John the only thing missing from the above explanations is that an aircraft has an unique drag curve, its U shaped as opposed to straight line as to say your car.

Swept back wing aircraft normally approach on what is called the wrong side of the drag curve and are therefore speed unstable Eg any reduction in airspeed increases drag even more causing a further speed loss.(this is a product of this UNIQUE drag curve)

Any aircraft with wings can glide to land but to make a safe speed stable approach in a swept back wing aircraft you need the assistance of thrust.

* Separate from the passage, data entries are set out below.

lemma closest_point_subspace_in:
  fixes S :: "'a::euclidean_space set"
  assumes "subspace S"
  shows "closest_point S a \<in> S"
  using closest_point_in_set[OF closed_subspace[OF assms]] assms subspace_0 by blast

lemma linear_closest_point_subspace:
  fixes S :: "'a::euclidean_space set"
  assumes S: "subspace S"
  shows "linear (closest_point S)"
proof (rule linearI)
  fix x y
  show "closest_point S (x + y) = closest_point S x + closest_point S y"
    using closest_point_subspace_orthogonal[OF S, of _ x] closest_point_subspace_orthogonal[OF S, of _ y]
    by (intro closest_point_subspace_eqI[OF S])
       (auto simp: subspace_add[OF S] closest_point_subspace_in[OF S]
          algebra_simps inner_diff_left inner_add_left)
next
  fix c :: real and x
  show "closest_point S (c *\<^sub>R x) = c *\<^sub>R closest_point S x"
    using closest_point_subspace_orthogonal[OF S, of _ x]
    by (intro closest_point_subspace_eqI[OF S])
       (auto simp: subspace_scale[OF S] closest_point_subspace_in[OF S]
          simp flip: scaleR_right_diff_distrib)
qed

lemma norm_closest_point_subspace_Pythagorean:
  fixes S :: "'a::euclidean_space set"
  assumes S: "subspace S"
  shows "(norm a)\<^sup>2 = (norm (closest_point S a))\<^sup>2 + (norm (a - closest_point S a))\<^sup>2"
  using norm_add_Pythagorean[of "closest_point S a" "a - closest_point S a"]
    closest_point_subspace_orthogonal[OF S closest_point_subspace_in[OF S]]
  by (simp add: orthogonal_def inner_commute)

lemma norm_closest_point_subspace_le:
  fixes S :: "'a::euclidean_space set"
  assumes "subspace S"
  shows "norm (closest_point S a) \<le> norm a"
  using norm_closest_point_subspace_Pythagorean[OF assms, of a]
  by (metis abs_norm_cancel le_add_same_cancel1 power2_le_iff_abs_le zero_le_power2 norm_ge_zero)

lemma norm_closest_point_subspace_eq_imp_in:
  fixes S :: "'a::euclidean_space set"
  assumes S: "subspace S" and "norm (closest_point S a) = norm a"
  shows "a \<in> S"
proof -
  have "a - closest_point S a = 0"
    using norm_closest_point_subspace_Pythagorean[OF S, of a] assms(2) by simp
  then show ?thesis using closest_point_subspace_in[OF S] by (metis eq_iff_diff_eq_0)
qed

lemma onorm_lt_1:
  fixes f :: "'a::euclidean_space \<Rightarrow> 'b::real_normed_vector"
  assumes f: "linear f" and contr: "\<And>x. x \<noteq> 0 \<Longrightarrow> norm (f x) < norm x"
  shows "onorm f < 1"
proof -
  have "continuous_on (sphere 0 1) (\<lambda>x. norm (f x))"
    using f by (intro continuous_intros linear_continuous_on) (simp add: linear_conv_bounded_linear)
  moreover have "sphere (0::'a) 1 \<noteq> {}" by simp
  ultimately obtain u where u: "u \<in> sphere 0 1"
    and max: "\<And>y. y \<in> sphere 0 1 \<Longrightarrow> norm (f y) \<le> norm (f u)"
    using continuous_attains_sup[OF compact_sphere] by blast
  have "norm (f x) \<le> norm (f u) * norm x" for x
  proof (cases "x = 0")
    case True
    then show ?thesis using linear_0[OF f] by simp
  next
    case False
    have "norm (f x) = norm x * norm (f (x /\<^sub>R norm x))"
      using False by (simp add: linear_cmul[OF f])
    also have "\<dots> \<le> norm x * norm (f u)"
      using max[of "x /\<^sub>R norm x"] False by (simp add: mult_left_mono)
    finally show ?thesis by (simp add: mult.commute)
  qed
  then have "onorm f \<le> norm (f u)" by (rule onorm_le)
  also have "\<dots> < 1"
    using contr[of u] u by fastforce
  finally show ?thesis .
qed

lemma subspace_matrix_kernel: "subspace {v. (A::real^'n^'m) *v v = 0}"
  by (rule linear_subspace_kernel[OF matrix_vector_mul_linear])

lemma ker_proj_apply: "ker_proj A *v x = closest_point {v. A *v v = 0} x"
  using matrix_vector_mul(2)[OF linear_closest_point_subspace[OF subspace_matrix_kernel]]
  unfolding ker_proj_def by metis

lemma norm_ker_proj_le: "norm (ker_proj A *v x) \<le> norm x"
  unfolding ker_proj_apply by (rule norm_closest_point_subspace_le[OF subspace_matrix_kernel])

lemma ker_proj_fixed_iff: "ker_proj A *v x = x \<longleftrightarrow> A *v x = 0"
proof -
  have "closed {v. A *v v = 0}" by (rule closed_subspace[OF subspace_matrix_kernel])
  moreover have "{v. A *v v = 0} \<noteq> {}" by (auto intro!: exI[of _ 0])
  ultimately show ?thesis unfolding ker_proj_apply by (simp add: closest_point_refl)
qed
lemma trace_not_zero: "\<exists>x. trace x \<noteq> 0"
proof (rule ccontr)
  assume "\<not> ?thesis"
  hence "{x. trace x = 0} = UNIV"
    by simp
  moreover have "(q^2)^j < (q^2)^(n - 1)" if "j \<in> {..<n} - {n - 1}" for j
    using that q_square_gt_1 by (intro power_strict_increasing) auto
  hence "card {x::'a. trace x = 0} \<le> (q^2)^(n - 1)"
    using card_roots_monomial_sum_le[of "{..<n}" "n - 1" "\<lambda>_. 1::'a" "\<lambda>j. (q^2)^j"] n_pos
    by (simp add: trace_eq)
  moreover have "(q^2)^(n - 1) < (q^2)^n"
    using n_pos q_square_gt_1 by (intro power_strict_increasing) auto
  ultimately show False
    using card_UNIV by (simp add: power_mult)
qed

lemma trace_nondegenerate:
  assumes "\<And>u. trace (u * z) = 0"
  shows "z = 0"
proof (rule ccontr)
  assume "z \<noteq> 0"
  obtain x where "trace x \<noteq> 0"
    using trace_not_zero by blast
  moreover have "trace (x / z * z) = 0"
    by (rule assms)
  ultimately show False
    using \<open>z \<noteq> 0\<close> by simp
qed

abbreviation L :: "'a \<Rightarrow> 'a" where "L \<equiv> linpoly q n a"
abbreviation L_star :: "'a \<Rightarrow> 'a" where "L_star \<equiv> linpoly_star q n a"

lemma L_add: "L (x + y) = L x + L y"
  unfolding linpoly_def by (simp add: frob_add sum.distrib algebra_simps)

lemma L_star_add: "L_star (x + y) = L_star x + L_star y"
  unfolding linpoly_star_def by (simp add: frob_add sum.distrib algebra_simps)

lemma Fq2_power_q_power_even: "c \<in> Fq2 \<Longrightarrow> c ^ q ^ (2*i) = c"
  using Fq2_power_Q_power[of c i] by (simp add: power_mult)

lemma L_smult: "c \<in> Fq2 \<Longrightarrow> L (c * x) = c * L x"
  unfolding linpoly_def
  by (simp only: power_mult_distrib Fq2_power_q_power_even sum_distrib_left) (simp add: mult_ac)

lemma L_star_smult:
  assumes "c \<in> Fq2"
  shows "L_star (c * x) = c * L_star x"
proof -
  have "(a i ^ q * (c * x)) ^ q ^ (2*j) = c * (a i ^ q * x) ^ q ^ (2*j)" for i j
    using Fq2_power_q_power_even[OF assms, of j] by (simp add: algebra_simps)
  thus ?thesis
    unfolding linpoly_star_def by (simp add: sum_distrib_left)
qed

lemma L_zero [simp]: "L 0 = 0" and L_star_zero [simp]: "L_star 0 = 0"
  using L_smult[of 0 0] L_star_smult[of 0 0] by simp_all

lemma L_power_q_power_q: "L (x ^ q) ^ q = (\<Sum>i<n. a i ^ q * x ^ (q^2)^Suc i)"
proof -
  have "q * q ^ (2*i) * q = (q^2)^Suc i" for i
  proof -
    have "(q^2)^Suc i = q ^ (2 * Suc i)"
      by (simp only: power_mult)
    hence "(q^2)^Suc i = q ^ Suc (Suc (2 * i))"
      by simp
    thus ?thesis
      by (simp only: power_Suc mult.commute mult.left_commute)
  qed
  hence "(a i * (x ^ q) ^ q ^ (2*i)) ^ q = a i ^ q * x ^ (q^2)^Suc i" for i
    by (simp only: power_mult_distrib power_mult[symmetric])
  thus ?thesis
    unfolding linpoly_def frob_sum_q by simp
qed

lemma trace_shift:
  assumes "i < n"
  shows "trace (y * x ^ (q^2)^Suc i) = trace (x * y ^ (q^2)^(n - Suc i))"
proof -
  have "(q^2)^Suc i * (q^2)^(n - Suc i) = (q^2)^n"
    using assms by (simp only: power_add[symmetric]) simp
  have "(y * x ^ (q^2)^Suc i) ^ (q^2)^(n - Suc i)
      = y ^ (q^2)^(n - Suc i) * x ^ ((q^2)^Suc i * (q^2)^(n - Suc i))"
    by (simp only: power_mult_distrib power_mult)
  also have "\<dots> = y ^ (q^2)^(n - Suc i) * x"
    by (simp only: \<open>(q^2)^Suc i * (q^2)^(n - Suc i) = (q^2)^n\<close> power_Q_power_n)
  finally have "(y * x ^ (q^2)^Suc i) ^ (q^2)^(n - Suc i) = y ^ (q^2)^(n - Suc i) * x" .
  thus ?thesis
    using trace_power_Q_power[of "y * x ^ (q^2)^Suc i" "n - Suc i"] by (simp add: mult.commute)
qed

lemma trace_adjoint: "trace (w * L (x ^ q)) ^ q = trace (x * L_star (w ^ q))"
proof -
  have "trace (w * L (x ^ q)) ^ q = trace (\<Sum>i<n. (w ^ q * a i ^ q) * x ^ (q^2)^Suc i)"
    by (simp add: power_mult_distrib L_power_q_power_q sum_distrib_left mult.assoc
        flip: trace_power_q)
  also have "\<dots> = (\<Sum>i<n. trace (x * (a i ^ q * w ^ q) ^ q ^ (2 * (n - i - 1))))"
    unfolding trace_sum
  proof (rule sum.cong[OF refl])
    fix i
    assume "i \<in> {..<n}"
    moreover have "q ^ (2 * (n - i - 1)) = (q^2)^(n - Suc i)"
      by (simp add: power_mult)
    ultimately show "trace ((w ^ q * a i ^ q) * x ^ (q^2)^Suc i)
        = trace (x * (a i ^ q * w ^ q) ^ q ^ (2 * (n - i - 1)))"
      using trace_shift[of i] by (simp add: mult.commute)
  qed
  also have "\<dots> = trace (x * L_star (w ^ q))"
    unfolding linpoly_star_def by (simp add: sum_distrib_left trace_sum)
  finally show ?thesis .
qed

definition B :: "'a \<Rightarrow> 'a \<Rightarrow> 'a" where "B u w = trace (u * L (w ^ q))"

definition H_trace :: "'a \<Rightarrow> 'a \<Rightarrow> 'a \<Rightarrow> 'a" where
  "H_trace t u w = t * B u w + (t * B w u) ^ q"

lemma B_in_Fq2: "B u w \<in> Fq2"
  by (simp add: B_def trace_in_Fq2)

lemma B_add_left: "B (u + u') w = B u w + B u' w"
  by (simp add: B_def distrib_right trace_add)

lemma B_add_right: "B u (w + w') = B u w + B u w'"
  by (simp add: B_def frob_add_q L_add distrib_left trace_add)

lemma B_smult_left: "c \<in> Fq2 \<Longrightarrow> B (c * u) w = c * B u w"
  by (simp add: B_def mult.assoc trace_smult)

lemma B_smult_right:
  assumes "c \<in> Fq2"
  shows "B u (c * w) = c ^ q * B u w"
proof -
  have "c ^ q \<in> Fq2"
    using assms by (rule Fq2_power)
  thus ?thesis
    by (simp add: B_def power_mult_distrib L_smult trace_smult mult.left_commute[of u])
qed

lemma H_trace_hermitian:
  assumes t: "t \<in> Fq2"
  shows "hermitian (H_trace t)"
  unfolding hermitian_def
proof (intro conjI allI ballI)
  fix u w
  show "H_trace t u w \<in> Fq2"
    unfolding H_trace_def using t B_in_Fq2 by (intro Fq2_add Fq2_mult Fq2_power)
  show "H_trace t w u = H_trace t u w ^ q"
    using Fq2_conj_conj[OF Fq2_mult[OF t B_in_Fq2]]
    by (simp add: H_trace_def frob_add_q add.commute)
next
  fix u u' w
  show "H_trace t (u + u') w = H_trace t u w + H_trace t u' w"
    by (simp add: H_trace_def B_add_left B_add_right distrib_left frob_add_q)
next
  fix c u w
  assume c: "c \<in> Fq2"
  have "(t * (c ^ q * B w u)) ^ q = c * (t * B w u) ^ q"
    using Fq2_conj_conj[OF c] by (simp add: power_mult_distrib mult_ac)
  thus "H_trace t (c * u) w = c * H_trace t u w"
    by (simp add: H_trace_def B_smult_left[OF c] B_smult_right[OF c] distrib_left mult_ac)
qed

Once the aircraft has intercepted the ILS glidepath it is on course for a touchdown point 300 metres from the threshold on what is normally a 3 degree glide path which is around 300 feet for every mile out from touch down. EG 2 miles at about 600 feet above aerodrome level. In the latter stages of the approach more drag producing flaps and undercarriage will be lowered which basically means more thrust will need to be be added to maintain that glidepath. At around the normal height to have everything out and dangling and the speed correct, which is just inside 2 miles the aircraft is very thrust dependant so if you take any thrust away at this point the aircraft cannot maintain that glide path and will land short. However you have got one other workable option of some free energy and that is the excess airspeed above the stalling speed. Aircraft approach at a safe margin above the stall speed and it it is this margin that allowed this aircraft to limp onto the airfield. The pilot used this margin to modify the glidepath to get to the airfield but there obviously wasnt enough spare airspeed to maintain the correct 3 degree glidepath.This very abnormally slow airspeed also contributed to the low ground roll out of the aircraft after touchdown. If the gear had been raised the aircraft energy would probably not have been as effectively removed as it was on touchdown.